→ **THE PROBLEM**
Retype, without any change, the first line of the records and every line after it through the one containing "define s where".

Stored data:
========================================================================
section \<open>The prism \<open>H \<box> K\<^sub>2\<close>\<close>

lemma sum_times_UNIV_bool:
  "(\<Sum>x\<in>V \<times> (UNIV :: bool set). f x) = (\<Sum>v\<in>V. f (v, True)) + (\<Sum>v\<in>V. f (v, False))"
  by (simp add: sum.cartesian_product' UNIV_bool sum.distrib add.commute)

lemma cart_K2_edge_iff:
  "{(u, b), (v, b')} \<in> edges (cart H K2) \<longleftrightarrow> (u = v \<and> u \<in> verts H \<and> b \<noteq> b') \<or> (b = b' \<and> {u, v} \<in> edges H)"
  unfolding cart_edge_iff by auto

lemma invol_adjD:
  assumes "A \<in> invol_adj H"
  shows "\<And>u v. u \<notin> verts H \<or> v \<notin> verts H \<Longrightarrow> A u v = 0"
    and "\<And>u v. u \<in> verts H \<Longrightarrow> v \<in> verts H \<Longrightarrow> A u v \<noteq> 0 \<longleftrightarrow> {u, v} \<in> edges H"
  using assms unfolding invol_adj_def weighted_adj_def involutory_def adjacent_def by auto

text \<open>The block matrix \<open>[[-a A, (1 - a\<^sup>2) I], [I, a A]]\<close>, the block \<open>True\<close> listed first.\<close>
definition prism_invol_matrix :: "'f \<Rightarrow> 'v set \<Rightarrow> ('v \<Rightarrow> 'v \<Rightarrow> 'f) \<Rightarrow> 'v \<times> bool \<Rightarrow> 'v \<times> bool \<Rightarrow> 'f::field"
  where "prism_invol_matrix a V A = (\<lambda>(u, b) (v, b').
    if b = b' then (if b then - a else a) * A u v
    else if u = v \<and> u \<in> V then (if b then 1 - a * a else 1) else 0)"

lemma involutory_prism_invol_matrix:
  fixes A :: "'v \<Rightarrow> 'v \<Rightarrow> 'f::field"
  assumes fin: "finite V" and A: "involutory V A"
  shows "involutory (V \<times> UNIV) (prism_invol_matrix a V A)"
  unfolding involutory_def
proof (intro ballI)
  fix x y assume "x \<in> V \<times> (UNIV :: bool set)" "y \<in> V \<times> (UNIV :: bool set)"
  then obtain u b v b' where xy: "x = (u, b)" "y = (v, b')" "u \<in> V" "v \<in> V" by auto
  let ?M = "prism_invol_matrix a V A"
  define s where "s b = (if b then - a else a)" for b
  define t where "t b = (if b then 1 - a * a else 1 :: 'f)" for b
  have same_block: "(\<Sum>w\<in>V. ?M (u, b) (w, b) * ?M (w, b) (v, b')) =
      (if b = b' then s b * s b * (if u = v then 1 else 0) else s b * t b * A u v)"
  proof (cases "b = b'")
    case True
    have "(\<Sum>w\<in>V. ?M (u, b) (w, b) * ?M (w, b) (v, b')) = s b * s b * (\<Sum>w\<in>V. A u w * A w v)"
      using True unfolding prism_invol_matrix_def s_def by (simp add: sum_distrib_left ac_simps)
    then show ?thesis using True A xy unfolding involutory_def by simp
  next
    case False
    have "(\<Sum>w\<in>V. ?M (u, b) (w, b) * ?M (w, b) (v, b')) = (\<Sum>w\<in>V. if w = v then s b * t b * A u w else 0)"
      using False xy unfolding prism_invol_matrix_def s_def t_def by (intro sum.cong) auto
    then show ?thesis using False fin xy by simp
  qed
  have other_block: "(\<Sum>w\<in>V. ?M (u, b) (w, \<not> b) * ?M (w, \<not> b) (v, b')) = t b * ?M (u, \<not> b) (v, b')"
  proof -
    have "(\<Sum>w\<in>V. ?M (u, b) (w, \<not> b) * ?M (w, \<not> b) (v, b')) = (\<Sum>w\<in>V. if w = u then t b * ?M (w, \<not> b) (v, b') else 0)"
      using xy unfolding t_def by (intro sum.cong) (auto simp: prism_invol_matrix_def)
    then show ?thesis using fin xy by simp
  qed
  have "(\<Sum>z\<in>V \<times> UNIV. ?M x z * ?M z y) =
      (\<Sum>w\<in>V. ?M (u, b) (w, b) * ?M (w, b) (v, b')) + (\<Sum>w\<in>V. ?M (u, b) (w, \<not> b) * ?M (w, \<not> b) (v, b'))"
    unfolding xy sum_times_UNIV_bool by (cases b) (simp_all add: add.commute)
  also have "\<dots> = (if x = y then 1 else 0)"
    unfolding same_block other_block using xy
    by (cases b; cases b') (auto simp: prism_invol_matrix_def s_def t_def algebra_simps)
  finally show "(\<Sum>z\<in>V \<times> UNIV. ?M x z * ?M z y) = (if x = y then 1 else 0)" .
qed

theorem invol_adj_prism:
  fixes A :: "'v \<Rightarrow> 'v \<Rightarrow> 'f::field"
  assumes H: "simple_graph H" and A: "A \<in> invol_adj H" and a: "a \<noteq> 0" "a * a \<noteq> 1"
  shows "prism_invol_matrix a (verts H) A \<in> invol_adj (cart H K2)"
proof -
  have "weighted_adj (cart H K2) (prism_invol_matrix a (verts H) A)"
    unfolding weighted_adj_def adjacent_def
  proof (intro conjI allI impI ballI)
    fix x y assume "x \<notin> verts (cart H K2) \<or> y \<notin> verts (cart H K2)"
    then show "prism_invol_matrix a (verts H) A x y = 0"
      using invol_adjD(1)[OF A] by (auto simp: prism_invol_matrix_def split: prod.splits)
  next
    fix x y assume "x \<in> verts (cart H K2)" "y \<in> verts (cart H K2)"
    then obtain u b v b' where xy: "x = (u, b)" "y = (v, b')" "u \<in> verts H" "v \<in> verts H" by auto
    have "1 - a * a \<noteq> 0" using a(2) by simp
    moreover have "{x, y} \<in> edges (cart H K2) \<longleftrightarrow> (u = v \<and> b \<noteq> b') \<or> (b = b' \<and> {u, v} \<in> edges H)"
      unfolding xy(1,2) cart_K2_edge_iff using xy(3) by blast
    ultimately show "prism_invol_matrix a (verts H) A x y \<noteq> 0 \<longleftrightarrow> {x, y} \<in> edges (cart H K2)"
      using xy a invol_adjD(2)[OF A] by (auto simp: prism_invol_matrix_def)
  qed
  moreover have "involutory (verts (cart H K2)) (prism_invol_matrix a (verts H) A)"
    using involutory_prism_invol_matrix[OF simple_graph_finite[OF H]] A unfolding invol_adj_def by auto
  ultimately show ?thesis unfolding invol_adj_def by simp
qed

text \<open>The block matrix \<open>[[A, I], [I, A]]\<close>: for involutory \<open>A\<close> its kernel contains
  the \<open>|V|\<close> independent vectors \<open>(- A e\<^sub>z, e\<^sub>z)\<close>.\<close>
definition prism_null_matrix :: "'v set \<Rightarrow> ('v \<Rightarrow> 'v \<Rightarrow> 'f) \<Rightarrow> 'v \<times> bool \<Rightarrow> 'v \<times> bool \<Rightarrow> 'f::field"
  where "prism_null_matrix V A = (\<lambda>(u, b) (v, b'). if b = b' then A u v else if u = v \<and> u \<in> V then 1 else 0)"

definition prism_null_vec :: "('v \<Rightarrow> 'v \<Rightarrow> 'f) \<Rightarrow> 'v \<Rightarrow> 'v \<times> bool \<Rightarrow> 'f::field"
  where "prism_null_vec A z = (\<lambda>(v, b). if b then - A v z else if v = z then 1 else 0)"

lemma prism_null_matrix_kernel:
  fixes A :: "'v \<Rightarrow> 'v \<Rightarrow> 'f::field"
  assumes fin: "finite V" and A: "involutory V A" and z: "z \<in> V" and x: "x \<in> V \<times> UNIV"
  shows "(\<Sum>y\<in>V \<times> UNIV. prism_null_matrix V A x y * prism_null_vec A z y) = 0"
proof -
  obtain u b where x_eq: "x = (u, b)" and u: "u \<in> V" using x by auto
  have delta: "(\<Sum>w\<in>V. (if u = w then 1 else 0) * f w) = f u" for f :: "'v \<Rightarrow> 'f"
    using fin u by (simp add: if_distrib[of "\<lambda>t. t * _"] sum.delta cong: if_cong)
  show ?thesis
  proof (cases b)
    case True
    have "(\<Sum>w\<in>V. A u w * - A w z) = - (if u = z then 1 else 0)"
      using A u z unfolding involutory_def by (simp add: sum_negf)
    then show ?thesis using delta[of "\<lambda>w. if w = z then 1 else 0"] u z True
      unfolding x_eq sum_times_UNIV_bool prism_null_matrix_def prism_null_vec_def by simp
  next
    case False
    have "(\<Sum>w\<in>V. A u w * (if w = z then 1 else 0)) = A u z"
      using fin z by (simp add: if_distrib[of "\<lambda>t. _ * t"] sum.delta' cong: if_cong)
    then show ?thesis using delta[of "\<lambda>w. - A w z"] u False
      unfolding x_eq sum_times_UNIV_bool prism_null_matrix_def prism_null_vec_def by simp
  qed
qed
lemma tilted_tail_le_gg:
  assumes u: "\<forall>i\<in>{1..m}. 0 \<le> u i \<and> u i < 1/2" and I: "\<And>i. i \<in> {1..m} \<Longrightarrow> I i > 0"
    and "k < m"
  shows "tilted_tail (partial_sum I) r m 0
    \<le> ennreal (gg m I r u k) * tilted_tail (partial_sum I) r (m - k) (hh u k)"
  using \<open>k < m\<close>
proof (induction k)
  case (Suc k)
  define p where "p = m - Suc k"
  have m_k: "m - k = Suc p" using Suc.prems by (simp add: p_def)
  have lt: "partial_sum I p < partial_sum I (Suc p)"
    using I[of "Suc p"] Suc.prems by (simp add: partial_sum_Suc p_def)
  have "hh u (Suc k) < 1/2" using u Suc.prems by (intro hh_lt_half) auto
  moreover have "hh u k \<le> hh u (Suc k)"
    using u Suc.prems hh_lt_half[of k u] by simp
  ultimately have "tilted_tail (partial_sum I) r (Suc p) (hh u k)
      \<le> ennreal (exp (- (hh u (Suc k) - hh u k) * (r (Suc p))\<^sup>2)
          * (1 - 2 * hh u (Suc k)) powr (- (real (partial_sum I (Suc p) - partial_sum I p) / 2)))
        * tilted_tail (partial_sum I) r p (hh u (Suc k))"
    by (intro tilted_tail_Suc_le[OF mono_partial_sum lt])
  also have "\<dots> = ennreal (exp (- u (Suc k) * (1 - 2 * hh u k) * (r (m - k))\<^sup>2)
          * (1 - 2 * hh u (Suc k)) powr (- (real (I (m - k)) / 2)))
        * tilted_tail (partial_sum I) r (m - Suc k) (hh u (Suc k))"
    by (simp add: m_k p_def partial_sum_Suc)
  finally have "ennreal (gg m I r u k) * tilted_tail (partial_sum I) r (m - k) (hh u k)
      \<le> ennreal (gg m I r u (Suc k)) * tilted_tail (partial_sum I) r (m - Suc k) (hh u (Suc k))"
    by (simp add: m_k ennreal_mult gg_nonneg mult.assoc mult_left_mono)
  with Suc show ?case by simp
qed simp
========================================================================
→ **RESULT**
section \<open>The prism \<open>H \<box> K\<^sub>2\<close>\<close>

lemma sum_times_UNIV_bool:
  "(\<Sum>x\<in>V \<times> (UNIV :: bool set). f x) = (\<Sum>v\<in>V. f (v, True)) + (\<Sum>v\<in>V. f (v, False))"
  by (simp add: sum.cartesian_product' UNIV_bool sum.distrib add.commute)

lemma cart_K2_edge_iff:
  "{(u, b), (v, b')} \<in> edges (cart H K2) \<longleftrightarrow> (u = v \<and> u \<in> verts H \<and> b \<noteq> b') \<or> (b = b' \<and> {u, v} \<in> edges H)"
  unfolding cart_edge_iff by auto

lemma invol_adjD:
  assumes "A \<in> invol_adj H"
  shows "\<And>u v. u \<notin> verts H \<or> v \<notin> verts H \<Longrightarrow> A u v = 0"
    and "\<And>u v. u \<in> verts H \<Longrightarrow> v \<in> verts H \<Longrightarrow> A u v \<noteq> 0 \<longleftrightarrow> {u, v} \<in> edges H"
  using assms unfolding invol_adj_def weighted_adj_def involutory_def adjacent_def by auto

text \<open>The block matrix \<open>[[-a A, (1 - a\<^sup>2) I], [I, a A]]\<close>, the block \<open>True\<close> listed first.\<close>
definition prism_invol_matrix :: "'f \<Rightarrow> 'v set \<Rightarrow> ('v \<Rightarrow> 'v \<Rightarrow> 'f) \<Rightarrow> 'v \<times> bool \<Rightarrow> 'v \<times> bool \<Rightarrow> 'f::field"
  where "prism_invol_matrix a V A = (\<lambda>(u, b) (v, b').
    if b = b' then (if b then - a else a) * A u v
    else if u = v \<and> u \<in> V then (if b then 1 - a * a else 1) else 0)"

lemma involutory_prism_invol_matrix:
  fixes A :: "'v \<Rightarrow> 'v \<Rightarrow> 'f::field"
  assumes fin: "finite V" and A: "involutory V A"
  shows "involutory (V \<times> UNIV) (prism_invol_matrix a V A)"
  unfolding involutory_def
proof (intro ballI)
  fix x y assume "x \<in> V \<times> (UNIV :: bool set)" "y \<in> V \<times> (UNIV :: bool set)"
  then obtain u b v b' where xy: "x = (u, b)" "y = (v, b')" "u \<in> V" "v \<in> V" by auto
  let ?M = "prism_invol_matrix a V A"
  define s where "s b = (if b then - a else a)" for b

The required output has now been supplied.